Hanover — Dartmouth College and more than a dozen other universities have filed a brief in federal court on behalf of an Iraqi interpreter detained as a result of President Donald Trump’s executive order on immigration.
The case of Hameed Khalid Darweesh, an interpreter who for years worked for the United States government in Iraq, sparked the first federal ruling against Trump’s edict to block entry to the U.S. from seven Muslim-majority countries.
Darweesh, an Iraqi national, was detained in John F. Kennedy International Airport in Queens, N.Y., along with a handful of other travelers. A Brooklyn judge last month stayed part of Trump’s order, allowing Darweesh’s release.
Federal judges in other states subsequently blocked the executive action entirely.
Rather than bring his appeal to the Supreme Court, the president has floated the idea of issuing a new order to supersede the one challenged in the judiciary.
Dartmouth, along with 16 other universities, on Monday filed an amicus brief — a court document in support of Darweesh and the other petitioners — describing those institutions’ reliance on and support for international students, staff and scholars.
“Dartmouth College counts among its core values ‘embrac(ing) diversity with the knowledge that it significantly enhances the quality of a Dartmouth education,’ as well as ‘foster(ing) lasting bonds among faculty, staff, and students, which encourage a culture of integrity, self-reliance, and collegiality and instill a sense of responsibility for each other and for the broader world,’ ” the brief reads, in part.
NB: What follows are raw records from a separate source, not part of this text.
(* Let $(G,c)$ be a connected locally finite network in which every edge has conductance $1$ (i.e. $c_{xy}\in\{0,1\}$ for all $x,y$), with fixed vertex $o$. If $\Delta_c$ is bounded on $\mathcal H_{\mathcal E_c}$, then for any bounded conductance function $b$ on $G$ with $b_{xy}=0$ whenever $c_{xy}=0$ and with $(G,b)$ connected, $\Delta_b$ is bounded on $\mathcal H_{\mathcal E_b}$.
   Context: A conductance function on a countable set $G$ is a symmetric map $c:G\times G\to[0,\infty)$ with $c_{xx}=0$; $x\sim y$ iff $c_{xy}>0$; locally finite and connected. $\mathcal E_c(u,v)=\frac12\sum_{x,y}c_{xy}\overline{(u(x)-u(y))}(v(x)-v(y))$; $\mathcal H_{\mathcal E_c}$ is the Hilbert space of finite-energy functions modulo constants with inner product $\mathcal E_c$. $v_x^{(c)}$ is the unique element of $\mathcal H_{\mathcal E_c}$ with $\langle v_x^{(c)},u\rangle_{\mathcal E_c}=u(x)-u(o)$ for all $u$. The Laplacian $(\Delta_c v)(x)=\sum_{y\sim x}c_{xy}(v(x)-v(y))$ is an operator on $\mathcal H_{\mathcal E_c}$ with domain $\mathrm{span}\{v_x^{(c)}\}_{x\in G}$. Same for $b$. A conductance function $b$ is bounded if $\sup_{x,y}b_{xy}<\infty$. *)

theory Defs
  imports "HOL-Analysis.Analysis"
begin

text \<open>Networks on a countable vertex type 'a. Functions on vertices are complex valued;
  elements of the energy space H_E are represented by functions (modulo constants).\<close>

definition conductance :: "('a \<Rightarrow> 'a \<Rightarrow> real) \<Rightarrow> bool" where
  "conductance c \<longleftrightarrow> (\<forall>x y. c x y = c y x) \<and> (\<forall>x y. 0 \<le> c x y) \<and> (\<forall>x. c x x = 0)"

definition locally_finite_net :: "('a \<Rightarrow> 'a \<Rightarrow> real) \<Rightarrow> bool" where
  "locally_finite_net c \<longleftrightarrow> (\<forall>x. finite {y. 0 < c x y})"

definition connected_net :: "('a \<Rightarrow> 'a \<Rightarrow> real) \<Rightarrow> bool" where
  "connected_net c \<longleftrightarrow> (\<forall>x y. (x, y) \<in> {(u, v). 0 < c u v}\<^sup>*)"

definition bounded_conductance :: "('a \<Rightarrow> 'a \<Rightarrow> real) \<Rightarrow> bool" where
  "bounded_conductance b \<longleftrightarrow> (\<exists>M. \<forall>x y. b x y \<le> M)"

definition finite_energy :: "('a \<Rightarrow> 'a \<Rightarrow> real) \<Rightarrow> ('a \<Rightarrow> complex) \<Rightarrow> bool" where
  "finite_energy c u \<longleftrightarrow> (\<lambda>(x, y). c x y * (cmod (u x - u y))\<^sup>2) summable_on UNIV"

definition energy :: "('a \<Rightarrow> 'a \<Rightarrow> real) \<Rightarrow> ('a \<Rightarrow> complex) \<Rightarrow> ('a \<Rightarrow> complex) \<Rightarrow> complex" where
  "energy c u v = (1/2) * (\<Sum>\<^sub>\<infinity>(x, y)\<in>UNIV. complex_of_real (c x y) * cnj (u x - u y) * (v x - v y))"

text \<open>v is a representative of the dipole v_x (relative to o).\<close>
definition is_dipole :: "('a \<Rightarrow> 'a \<Rightarrow> real) \<Rightarrow> 'a \<Rightarrow> 'a \<Rightarrow> ('a \<Rightarrow> complex) \<Rightarrow> bool" where
  "is_dipole c r x v \<longleftrightarrow> finite_energy c v \<and>
     (\<forall>u. finite_energy c u \<longrightarrow> energy c v u = u x - u r)"

text \<open>Domain of the Laplacian: span{v_x} (complex linear span of dipole representatives;
  this contains the constants, so it is exactly the set of representatives of span{v_x}).\<close>
definition laplacian_domain :: "('a \<Rightarrow> 'a \<Rightarrow> real) \<Rightarrow> 'a \<Rightarrow> ('a \<Rightarrow> complex) set" where
  "laplacian_domain c r = {u. \<exists>F a w. finite F \<and> (\<forall>x\<in>F. is_dipole c r x (w x)) \<and>
      u = (\<lambda>z. \<Sum>x\<in>F. a x * w x z)}"

definition laplacian :: "('a \<Rightarrow> 'a \<Rightarrow> real) \<Rightarrow> ('a \<Rightarrow> complex) \<Rightarrow> ('a \<Rightarrow> complex)" where
  "laplacian c v = (\<lambda>x. \<Sum>y\<in>{y. 0 < c x y}. complex_of_real (c x y) * (v x - v y))"
theorem proposition3p7:
  fixes A :: "'g::linordered_ab_group_add smat" and n :: nat
  assumes "definite n A"
  shows "nu_equiv n (snabla n A) (kleene_star n A)
       \<and> nu_equiv n (kleene_star n A) (smat_pow n A (n - 1))"
proof -
  have diag: "\<forall>r<n. A r r = 1" and det: "sdet n A = 1"
    using assms by (auto simp: definite_def)
  have perm_le: "nu (\<Prod>r<n. A r (\<sigma> r)) \<le> Some 0" if "\<sigma> permutes {..<n}" for \<sigma>
    using perm_term_le_det[OF that, of A] det by simp
  have "nu (snabla n A i j) = nu (kleene_star n A i j)
      \<and> nu (kleene_star n A i j) = nu (smat_pow n A (n - 1) i j)" if ij: "i < n" "j < n" for i j
  proof -
    let ?v = "nu (sadj n A i j)"
    have stable: "nu (smat_pow n A k i j) = ?v" if "n - 1 \<le> k" for k
      using pow_eq_adj[where A=A and n=n, OF diag perm_le ij that] .
    have "kleene_star n A i j = ghost_of ?v"
    proof (rule kleene_star_entry_eq)
      show "(\<Sum>k<m. smat_pow n A k i j) = ghost_of ?v" if "n + 1 \<le> m" for m
        by (rule sum_eventually_ghost[of "n - 1"])
          (use that ij stable pow_le_adj[where A=A and n=n, OF diag perm_le ij] in auto)
    qed
    then show ?thesis using snabla_det_one[OF det] stable[of "n - 1"] by simp
  qed
  then show ?thesis by (simp add: nu_equiv_def)
qed

end
text \<open>
  Up to the factor \<open>\<tau>\<close>, \<open>start_rate m\<close> is the mass of the epochs at which the server takes up
  customers while \<open>m\<close> are waiting: ends of services and of vacations, and arrivals to the dormant
  server with \<open>j\<close> waiting, counted by \<open>dormant_rate j\<close>. The part of it that starts a batch of size
  \<open>r\<close> and leaves \<open>n\<close> waiting is \<open>batch_start r n\<close>, and \<open>vacation_start n\<close> is the mass of the
  epochs at which a vacation begins with \<open>n\<close> waiting. These are the inhomogeneous terms of
  (E3)-(E7).
\<close>

definition dormant_rate :: "nat \<Rightarrow> real" where
  "dormant_rate j = (1 - d) * lam * p0 j / tau"

definition start_rate :: "nat \<Rightarrow> real" where
  "start_rate m = pp m + qp m + (\<Sum>j=0..a-1. dormant_rate j * g (m - j))"

definition batch_start :: "nat \<Rightarrow> nat \<Rightarrow> real" where
  "batch_start r n = (if r = b then start_rate (n + b) else if n = 0 then start_rate r else 0)"

definition vacation_start :: "nat \<Rightarrow> real" where
  "vacation_start n = (if n < a then pp n + d * qp n else 0)"

text \<open>
  A group of size \<open>i\<close> arriving at the dormant server with \<open>j\<close> waiting starts a batch of size
  \<open>i + j\<close> if \<open>i + j \<le> b\<close>; otherwise a batch of size \<open>b\<close> starts and \<open>i + j - b\<close> stay behind.
\<close>

definition overshoot :: "nat \<Rightarrow> complex \<Rightarrow> complex" where
  "overshoot j x = (\<Sum>i. if b + 1 - j \<le> i then complex_of_real (g i) * x ^ (i + j - b) else 0)"

definition dormant_start :: "nat \<Rightarrow> complex \<Rightarrow> complex" where
  "dormant_start j x = (\<Sum>i=a..b. complex_of_real (g (i - j)) * K i x) + overshoot j x * K b x"

lemma pplus_eq: "pp n = (\<Sum>r=a..b. arrival_conv lam g (\<lambda>m. p m r 1) n) / tau"
  unfolding pplus_def pplus_r_def arrival_conv_def
  by (cases "n = 0") (simp_all add: sum_divide_distrib)

lemma Qplus_eq: "qp n = arrival_conv lam g (\<lambda>m. Q m 1) n / tau"
  unfolding Qplus_def arrival_conv_def by (cases "n = 0") simp_all

lemma summable_on_p_slice:
  assumes "a \<le> r" "r \<le> b"
  shows "(\<lambda>(n, u). p n r u) summable_on (UNIV \<times> {1..})"
proof -
  let ?h = "\<lambda>(n, u). (n, r, u)"
  have "inj_on ?h (UNIV \<times> {1..})"
    by (auto simp: inj_on_def)
  moreover have "?h ` (UNIV \<times> {1..}) \<subseteq> UNIV \<times> {a..b} \<times> {1..}"
    using assms by auto
  ultimately have "((\<lambda>(n, r, u). p n r u) \<circ> ?h) summable_on (UNIV \<times> {1..})"
    using summable_on_subset_banach[OF p_summable] summable_on_reindex by blast
  then show ?thesis
    by (simp add: o_def case_prod_unfold)
qed

lemma summable_abs_p1:
  assumes "a \<le> r" "r \<le> b"
  shows "summable (\<lambda>n. \<bar>p n r 1\<bar>)"
  using nonneg_summable_on_rows(1)[where F = "\<lambda>u n. p n r u", OF summable_on_p_slice[OF assms]]
    p_nonneg[OF assms] by simp

lemma summable_abs_Q1: "summable (\<lambda>n. \<bar>Q n 1\<bar>)"
  using nonneg_summable_on_rows(1)[where F = "\<lambda>u n. Q n u"] Q_summable Q_nonneg by simp

lemma summable_abs_pplus: "summable (\<lambda>n. \<bar>pp n\<bar>)"
  unfolding pplus_eq abs_divide
  by (intro summable_divide summable_abs_sum summable_abs_arrival_conv summable_abs_p1) auto

lemma summable_abs_Qplus: "summable (\<lambda>n. \<bar>qp n\<bar>)"
  unfolding Qplus_eq abs_divide
  by (intro summable_divide summable_abs_arrival_conv summable_abs_Q1)

lemma summable_abs_start_rate: "summable (\<lambda>m. \<bar>start_rate m\<bar>)"
  unfolding start_rate_def
  by (intro summable_abs_add summable_abs_pplus summable_abs_Qplus summable_abs_sum
      summable_abs_cmult summable_abs_g_diff)

lemma summable_abs_batch_start: "summable (\<lambda>n. \<bar>batch_start r n\<bar>)"
proof (cases "r = b")
  case True
  then show ?thesis
    using summable_ignore_initial_segment[OF summable_abs_start_rate, of b]
    by (simp add: batch_start_def)
next
  case False
  then show ?thesis
    using summable_abs_finite_support[of "\<lambda>n. n = 0"]
    by (simp add: batch_start_def)
qed

lemma summable_abs_vacation_start: "summable (\<lambda>n. \<bar>vacation_start n\<bar>)"
  unfolding vacation_start_def by (rule summable_abs_finite_support) simp
(* Fix $i\in\{1,\dots,d\}$ and let $0\le\alpha\le 1/h_i$ and $0\le\beta\le 2/h_i-\alpha$. Then for all $n\ge1$, $$(\eta_n^i)^2\le\min\Big\{\frac{2(\eta_1^i)^2}{\alpha h_i},\ \frac{8(\eta_1^i)^2\,n}{(\alpha+\beta)h_i},\ \frac{16(\eta_1^i)^2}{(\alpha+\beta)^2h_i^2}\Big\},$$ where a term with zero denominator is interpreted as $+\infty$.
   Context: Let $H\in\mathbb{R}^{d\times d}$ be symmetric positive definite with eigenvalues $h_1\le\dots\le h_d$ (all $>0$) and orthonormal eigenvectors $p_1,\dots,p_d$. Let $q\in\mathbb{R}^d$, $\theta_*=H^{-1}q$. For parameters $\alpha,\beta$, given $\theta_0$, set $\theta_1=\theta_0$ and for $n\ge1$ $\theta_{n+1}=\frac{2n}{n+1}\theta_n-\frac{n-1}{n+1}\theta_{n-1}-\frac{1}{n+1}\big(n(\alpha+\beta)H(\theta_n-\theta_* )-(n-1)\beta H(\theta_{n-1}-\theta_* )\big)$. Let $\eta_n=n(\theta_n-\theta_* )$, so that $\eta_0=0$, $\eta_1=\theta_0-\theta_*$ and $\eta_{n+1}=(I-\alpha H)\eta_n+(I-\beta H)(\eta_n-\eta_{n-1})$; write $\eta_n^i=p_i^\top\eta_n$. *)

theory Defs
  imports "HOL-Analysis.Analysis"
begin

definition theta_star :: "real^'d^'d \<Rightarrow> real^'d \<Rightarrow> real^'d" where
  "theta_star H q = matrix_inv H *v q"

fun nag_theta :: "real^'d^'d \<Rightarrow> real^'d \<Rightarrow> real \<Rightarrow> real \<Rightarrow> real^'d \<Rightarrow> nat \<Rightarrow> real^'d" where
  "nag_theta H q \<alpha> \<beta> \<theta>0 0 = \<theta>0"
| "nag_theta H q \<alpha> \<beta> \<theta>0 (Suc 0) = \<theta>0"
| "nag_theta H q \<alpha> \<beta> \<theta>0 (Suc (Suc n)) =
     (let m = real (Suc n);
          ts = theta_star H q;
          a = nag_theta H q \<alpha> \<beta> \<theta>0 (Suc n);
          b = nag_theta H q \<alpha> \<beta> \<theta>0 n
      in (2 * m / (m + 1)) *\<^sub>R a - ((m - 1) / (m + 1)) *\<^sub>R b
         - (1 / (m + 1)) *\<^sub>R ((m * (\<alpha> + \<beta>)) *\<^sub>R (H *v (a - ts))
                                 - ((m - 1) * \<beta>) *\<^sub>R (H *v (b - ts))))"

definition nag_eta :: "real^'d^'d \<Rightarrow> real^'d \<Rightarrow> real \<Rightarrow> real \<Rightarrow> real^'d \<Rightarrow> nat \<Rightarrow> real^'d" where
  "nag_eta H q \<alpha> \<beta> \<theta>0 n = real n *\<^sub>R (nag_theta H q \<alpha> \<beta> \<theta>0 n - theta_star H q)"
lemma gen_stirling_Stirling:
  "gen_stirling (\<lambda>i. of_nat i * x) N i = of_nat (Stirling N i) * (x::'a::comm_ring_1) ^ (N - i)"
proof -
  have "gen_stirling (\<lambda>i. of_nat (id i) * x) N i = of_nat (Stirling N i) * x ^ (N - i)"
  proof (rule gen_stirling_closed_form)
    show "Stirling 0 i = of_bool (i = 0)" for i by (cases i) simp_all
  qed simp_all
  then show ?thesis by simp
qed

lemma gen_stirling_StirlingB:
  "gen_stirling (\<lambda>i. of_nat (2 * i + 1) * x) N i = of_nat (StirlingB N i) * (x::'a::comm_ring_1) ^ (N - i)"
  by (rule gen_stirling_closed_form) (simp_all add: StirlingB_0 StirlingB_Suc_0 StirlingB_Suc_Suc)

lemma sum_binomial_rearrange:
  fixes x :: "'a::comm_ring_1"
  shows "(\<Sum>k\<le>n. of_nat (n choose k) * (\<Sum>j\<le>m. (c j * x) ^ (n - k) * (s j * x ^ (m - j))) * b k)
    = (\<Sum>j=0..m. \<Sum>k=0..n. x ^ (m + n - j - k) * c j ^ (n - k) * of_nat (n choose k) * s j * b k)"
proof -
  have "x ^ (m + n - j - k) = x ^ (m - j) * x ^ (n - k)" if "j \<le> m" "k \<le> n" for j k
    using that by (simp flip: power_add)
  then show ?thesis
    by (simp add: atLeast0AtMost sum_distrib_left sum_distrib_right sum.swap[of _ "{..n}"]
        power_mult_distrib ac_simps)
qed

theorem proposition5p3:
  fixes x :: "'a::comm_ring_1" and m n :: nat
  shows "(bellA (m + n) x =
           (\<Sum>j=0..m. \<Sum>k=0..n. x ^ (m + n - j - k) * of_nat j ^ (n - k)
              * of_nat (n choose k) * of_nat (Stirling m j) * bellA k x)) \<and>
         (bellB (m + n) x =
           (\<Sum>j=0..m. \<Sum>k=0..n. x ^ (m + n - j - k) * of_nat (2 * j + 1) ^ (n - k)
              * of_nat (n choose k) * of_nat (StirlingB m j) * bellA k (2 * x)))"
proof
  let ?h = "\<lambda>i. of_nat i * x"
  have "bellA (m + n) x = (\<Sum>i\<le>m + n. gen_stirling ?h (m + n) i)"
    unfolding bellA_eq_sum_Stirling gen_stirling_Stirling ..
  also have "\<dots> = (\<Sum>k\<le>n. of_nat (n choose k) * (\<Sum>j\<le>m. ?h j ^ (n - k) * gen_stirling ?h m j)
                  * (\<Sum>l\<le>k. gen_stirling ?h k l))"
    by (rule sum_gen_stirling_add) (simp add: distrib_right)
  also have "\<dots> = (\<Sum>j=0..m. \<Sum>k=0..n. x ^ (m + n - j - k) * of_nat j ^ (n - k)
              * of_nat (n choose k) * of_nat (Stirling m j) * bellA k x)"
    unfolding gen_stirling_Stirling bellA_eq_sum_Stirling by (rule sum_binomial_rearrange)
  finally show "bellA (m + n) x = \<dots>" .
next
  let ?h = "\<lambda>i. of_nat (2 * i + 1) * x" and ?f = "\<lambda>i. of_nat i * (2 * x)"
  have "bellB (m + n) x = (\<Sum>i\<le>m + n. gen_stirling ?h (m + n) i)"
    unfolding bellB_eq_sum_StirlingB gen_stirling_StirlingB ..
  also have "\<dots> = (\<Sum>k\<le>n. of_nat (n choose k) * (\<Sum>j\<le>m. ?h j ^ (n - k) * gen_stirling ?h m j)
                  * (\<Sum>l\<le>k. gen_stirling ?f k l))"
    by (rule sum_gen_stirling_add) (simp add: algebra_simps)
  also have "\<dots> = (\<Sum>j=0..m. \<Sum>k=0..n. x ^ (m + n - j - k) * of_nat (2 * j + 1) ^ (n - k)
              * of_nat (n choose k) * of_nat (StirlingB m j) * bellA k (2 * x))"
    unfolding gen_stirling_Stirling gen_stirling_StirlingB bellA_eq_sum_Stirling
    by (rule sum_binomial_rearrange)
  finally show "bellB (m + n) x = \<dots>" .
qed
lemma matrix_congruence_outer:
  fixes G :: "'a::comm_semiring_1^'n::finite^'N::finite"
  shows "G ** outer x ** transpose G = outer (G *v x)"
proof -
  have "column p (G ** outer x ** transpose G) $ i = (\<Sum>j\<in>UNIV. G$i$j * x$j * (\<Sum>k\<in>UNIV. G$p$k * x$k))" for i p
    by (simp add: column_matrix_congruence matrix_vector_mult_def outer_def sum_distrib_left mult_ac)
  then show ?thesis
    by (simp add: vec_eq_iff column_def outer_def matrix_vector_mult_def sum_distrib_right)
qed

lemma outer_eq_0_iff: "outer x = 0 \<longleftrightarrow> x = (0::'a::{semiring_no_zero_divisors}^'n)"
  by (auto simp: vec_eq_iff outer_def)

lemma l0norm_outer: "l0norm (outer x) = hweight (x::'a::{semiring_no_zero_divisors}^'n::finite)^2"
proof -
  have "{(i, j). outer x $ i $ j \<noteq> 0} = {i. x $ i \<noteq> 0} \<times> {i. x $ i \<noteq> 0}"
    by (auto simp: outer_def)
  then show ?thesis
    by (simp add: l0norm_def hweight_def card_cartesian_product power2_eq_square)
qed

lemma card_kernel_linear_form:
  fixes \<alpha> \<beta> :: "'a::{field,finite}"
  assumes "(\<alpha>, \<beta>) \<noteq> (0, 0)"
  shows "card {(s, t). s * \<alpha> + t * \<beta> = 0} = CARD('a)"
proof (cases "\<alpha> = 0")
  case True
  then have "{(s, t). s * \<alpha> + t * \<beta> = 0} = range (\<lambda>s. (s, 0))"
    using assms by auto
  then show ?thesis
    by (simp add: card_image inj_on_def)
next
  case False
  then have "{(s, t). s * \<alpha> + t * \<beta> = 0} = range (\<lambda>t. (- t * \<beta> / \<alpha>, t))"
    by (auto simp: field_simps add_eq_0_iff2 image_iff)
  then show ?thesis
    by (simp add: card_image inj_on_def)
qed

lemma card_nonkernel_linear_form:
  fixes \<alpha> \<beta> :: "'a::{field,finite}"
  assumes "(\<alpha>, \<beta>) \<noteq> (0, 0)"
  shows "card {(s, t). s * \<alpha> + t * \<beta> \<noteq> 0} = CARD('a)^2 - CARD('a)"
proof -
  have "{(s, t). s * \<alpha> + t * \<beta> \<noteq> 0} = UNIV - {(s, t). s * \<alpha> + t * \<beta> = 0}"
    by auto
  then show ?thesis
    using card_kernel_linear_form[OF assms] card_cartesian_product[of "UNIV::'a set" "UNIV::'a set"]
    by (simp add: card_Diff_subset power2_eq_square)
qed

lemma card_Collect_eq_sum_indicator:
  "card {x::'b::finite. P x} = (\<Sum>x\<in>UNIV. if P x then 1 else 0)"
  by (simp add: sum.If_cases)

lemma sum_hweight_pencil:
  fixes u v :: "'a::{field,finite}^'N::finite"
  shows "(\<Sum>(s, t)\<in>UNIV. hweight (s *s u + t *s v))
           = (CARD('a)^2 - CARD('a)) * card {p. u $ p \<noteq> 0 \<or> v $ p \<noteq> 0}"
proof -
  have "(\<Sum>(s, t)\<in>UNIV. hweight (s *s u + t *s v))
          = (\<Sum>p\<in>UNIV. card {(s, t). s * u $ p + t * v $ p \<noteq> 0})"
    unfolding hweight_def card_Collect_eq_sum_indicator split_beta
    by (subst sum.swap) simp
  also have "\<dots> = (\<Sum>p\<in>UNIV. if u $ p \<noteq> 0 \<or> v $ p \<noteq> 0 then CARD('a)^2 - CARD('a) else 0)"
    by (rule sum.cong) (auto simp: card_nonkernel_linear_form)
  finally show ?thesis
    by (simp add: sum.If_cases mult.commute)
qed

lemma pencil_support_bound:
  fixes u v :: "'a::{field,finite}^'N::finite"
  assumes "\<And>s t. (s, t) \<noteq> (0, 0) \<Longrightarrow> d \<le> hweight (s *s u + t *s v)"
  shows "(CARD('a) + 1) * d \<le> CARD('a) * card {p. u $ p \<noteq> 0 \<or> v $ p \<noteq> 0}"
proof -
  define q where "q = CARD('a)"
  have "2 \<le> q"
    using card_mono[of UNIV "{0, 1::'a}"] by (simp add: q_def)
  have "(q^2 - 1) * d = (\<Sum>z\<in>UNIV - {(0::'a, 0::'a)}. d)"
    using card_cartesian_product[of "UNIV::'a set" "UNIV::'a set"]
    by (simp add: q_def card_Diff_subset power2_eq_square)
  also have "\<dots> \<le> (\<Sum>(s, t)\<in>UNIV - {(0, 0)}. hweight (s *s u + t *s v))"
    by (rule sum_mono) (use assms in auto)
  also have "\<dots> \<le> (\<Sum>(s, t)\<in>UNIV. hweight (s *s u + t *s v))"
    by (rule sum_mono2) auto
  finally have "(q - 1) * ((q + 1) * d) \<le> (q - 1) * (q * card {p. u $ p \<noteq> 0 \<or> v $ p \<noteq> 0})"
    using \<open>2 \<le> q\<close> by (simp add: sum_hweight_pencil q_def power2_eq_square algebra_simps)
  then show ?thesis
    using \<open>2 \<le> q\<close> by (simp add: q_def)
qed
The brief later notes that 15 students, scholars and staff at Dartmouth are nationals of Iraq or Iran, and that scholars and students at the school also are concerned about their ability to travel abroad and bring foreign speakers to campus.
Among the other schools signing onto the brief were the rest of the Ivy League, Stanford, University of Chicago, Duke and Massachusetts Institute of Technology.